WHAT IS NEEDED:
Only the lines containing "cmod" belong in the answer; find them in the material below.

◆ ◆ ◆ ◆ ◆ ◆ ◆

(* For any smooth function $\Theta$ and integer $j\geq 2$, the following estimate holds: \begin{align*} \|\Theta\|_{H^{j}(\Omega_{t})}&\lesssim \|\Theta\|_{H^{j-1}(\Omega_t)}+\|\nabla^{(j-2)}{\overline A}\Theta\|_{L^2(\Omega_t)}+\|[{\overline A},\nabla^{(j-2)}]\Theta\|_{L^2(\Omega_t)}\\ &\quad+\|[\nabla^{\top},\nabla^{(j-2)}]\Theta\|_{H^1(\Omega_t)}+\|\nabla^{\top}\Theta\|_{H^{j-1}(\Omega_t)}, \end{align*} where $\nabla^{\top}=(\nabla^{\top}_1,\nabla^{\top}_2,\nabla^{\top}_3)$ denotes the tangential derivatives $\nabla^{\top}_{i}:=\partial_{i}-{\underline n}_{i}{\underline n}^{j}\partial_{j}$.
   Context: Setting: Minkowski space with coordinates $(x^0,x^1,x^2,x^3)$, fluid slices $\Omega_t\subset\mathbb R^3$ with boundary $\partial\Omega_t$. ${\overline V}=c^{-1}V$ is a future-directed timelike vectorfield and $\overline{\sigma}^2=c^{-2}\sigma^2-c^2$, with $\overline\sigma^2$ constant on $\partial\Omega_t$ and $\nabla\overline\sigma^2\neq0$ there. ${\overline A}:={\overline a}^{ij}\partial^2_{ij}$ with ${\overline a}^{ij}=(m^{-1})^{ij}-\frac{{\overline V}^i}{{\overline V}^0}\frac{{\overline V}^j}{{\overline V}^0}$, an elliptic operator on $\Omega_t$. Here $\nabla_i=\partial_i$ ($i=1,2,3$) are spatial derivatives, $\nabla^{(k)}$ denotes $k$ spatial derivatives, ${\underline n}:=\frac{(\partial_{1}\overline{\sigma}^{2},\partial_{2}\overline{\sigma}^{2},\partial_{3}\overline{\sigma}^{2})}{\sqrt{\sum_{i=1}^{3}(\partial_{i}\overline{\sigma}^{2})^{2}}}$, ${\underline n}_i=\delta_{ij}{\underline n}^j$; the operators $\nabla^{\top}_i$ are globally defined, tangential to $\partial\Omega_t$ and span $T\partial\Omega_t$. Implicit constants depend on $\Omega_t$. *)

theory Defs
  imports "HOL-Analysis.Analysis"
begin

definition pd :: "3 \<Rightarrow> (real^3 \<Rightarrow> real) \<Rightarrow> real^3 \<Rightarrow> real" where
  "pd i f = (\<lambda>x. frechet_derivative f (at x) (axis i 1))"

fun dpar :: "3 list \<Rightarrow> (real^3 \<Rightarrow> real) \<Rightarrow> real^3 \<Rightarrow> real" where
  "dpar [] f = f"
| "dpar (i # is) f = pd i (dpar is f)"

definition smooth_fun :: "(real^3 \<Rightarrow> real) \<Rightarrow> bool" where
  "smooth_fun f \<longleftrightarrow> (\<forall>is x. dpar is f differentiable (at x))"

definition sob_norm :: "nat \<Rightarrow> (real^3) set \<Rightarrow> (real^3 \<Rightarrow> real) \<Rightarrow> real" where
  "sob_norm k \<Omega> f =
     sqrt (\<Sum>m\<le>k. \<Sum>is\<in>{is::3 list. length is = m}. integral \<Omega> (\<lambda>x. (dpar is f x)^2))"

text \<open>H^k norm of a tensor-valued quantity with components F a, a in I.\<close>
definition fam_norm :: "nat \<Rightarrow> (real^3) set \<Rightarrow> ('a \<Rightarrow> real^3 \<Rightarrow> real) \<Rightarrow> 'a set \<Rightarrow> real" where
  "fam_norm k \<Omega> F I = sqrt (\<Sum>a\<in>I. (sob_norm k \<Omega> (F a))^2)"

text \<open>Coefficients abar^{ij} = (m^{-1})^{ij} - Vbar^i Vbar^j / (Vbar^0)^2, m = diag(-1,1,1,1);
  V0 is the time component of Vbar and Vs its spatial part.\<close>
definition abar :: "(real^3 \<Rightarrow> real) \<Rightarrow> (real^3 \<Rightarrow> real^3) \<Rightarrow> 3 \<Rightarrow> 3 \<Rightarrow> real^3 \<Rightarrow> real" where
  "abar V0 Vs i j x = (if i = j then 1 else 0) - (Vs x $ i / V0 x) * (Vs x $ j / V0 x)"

◆ ◆ ◆ ◆ ◆ ◆ ◆

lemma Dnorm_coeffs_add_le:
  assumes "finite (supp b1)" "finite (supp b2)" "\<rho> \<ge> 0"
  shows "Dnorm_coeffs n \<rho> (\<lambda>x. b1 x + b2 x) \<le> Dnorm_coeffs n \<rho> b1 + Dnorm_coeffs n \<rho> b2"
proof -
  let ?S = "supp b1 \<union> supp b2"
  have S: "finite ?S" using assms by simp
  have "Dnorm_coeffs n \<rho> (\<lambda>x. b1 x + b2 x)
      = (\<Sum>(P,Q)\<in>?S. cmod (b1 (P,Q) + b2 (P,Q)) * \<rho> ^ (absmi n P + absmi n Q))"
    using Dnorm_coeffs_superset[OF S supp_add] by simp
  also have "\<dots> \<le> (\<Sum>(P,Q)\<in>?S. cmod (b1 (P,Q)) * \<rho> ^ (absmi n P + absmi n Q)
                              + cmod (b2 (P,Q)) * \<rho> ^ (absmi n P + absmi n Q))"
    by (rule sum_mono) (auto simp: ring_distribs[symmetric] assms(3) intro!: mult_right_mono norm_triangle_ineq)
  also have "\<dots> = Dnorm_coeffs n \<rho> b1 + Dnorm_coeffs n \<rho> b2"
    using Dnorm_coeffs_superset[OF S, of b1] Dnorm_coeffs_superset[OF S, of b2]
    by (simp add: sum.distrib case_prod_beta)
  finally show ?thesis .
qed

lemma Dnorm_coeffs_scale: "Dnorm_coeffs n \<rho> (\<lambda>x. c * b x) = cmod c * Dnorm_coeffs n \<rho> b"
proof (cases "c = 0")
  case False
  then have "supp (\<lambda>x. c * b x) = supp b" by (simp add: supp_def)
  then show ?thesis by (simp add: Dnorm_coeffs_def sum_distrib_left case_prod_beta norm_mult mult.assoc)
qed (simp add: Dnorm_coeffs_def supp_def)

◆ ◆ ◆ ◆ ◆ ◆ ◆

SOLUTION:
      = (\<Sum>(P,Q)\<in>?S. cmod (b1 (P,Q) + b2 (P,Q)) * \<rho> ^ (absmi n P + absmi n Q))"
  also have "\<dots> \<le> (\<Sum>(P,Q)\<in>?S. cmod (b1 (P,Q)) * \<rho> ^ (absmi n P + absmi n Q)
                              + cmod (b2 (P,Q)) * \<rho> ^ (absmi n P + absmi n Q))"
lemma Dnorm_coeffs_scale: "Dnorm_coeffs n \<rho> (\<lambda>x. c * b x) = cmod c * Dnorm_coeffs n \<rho> b"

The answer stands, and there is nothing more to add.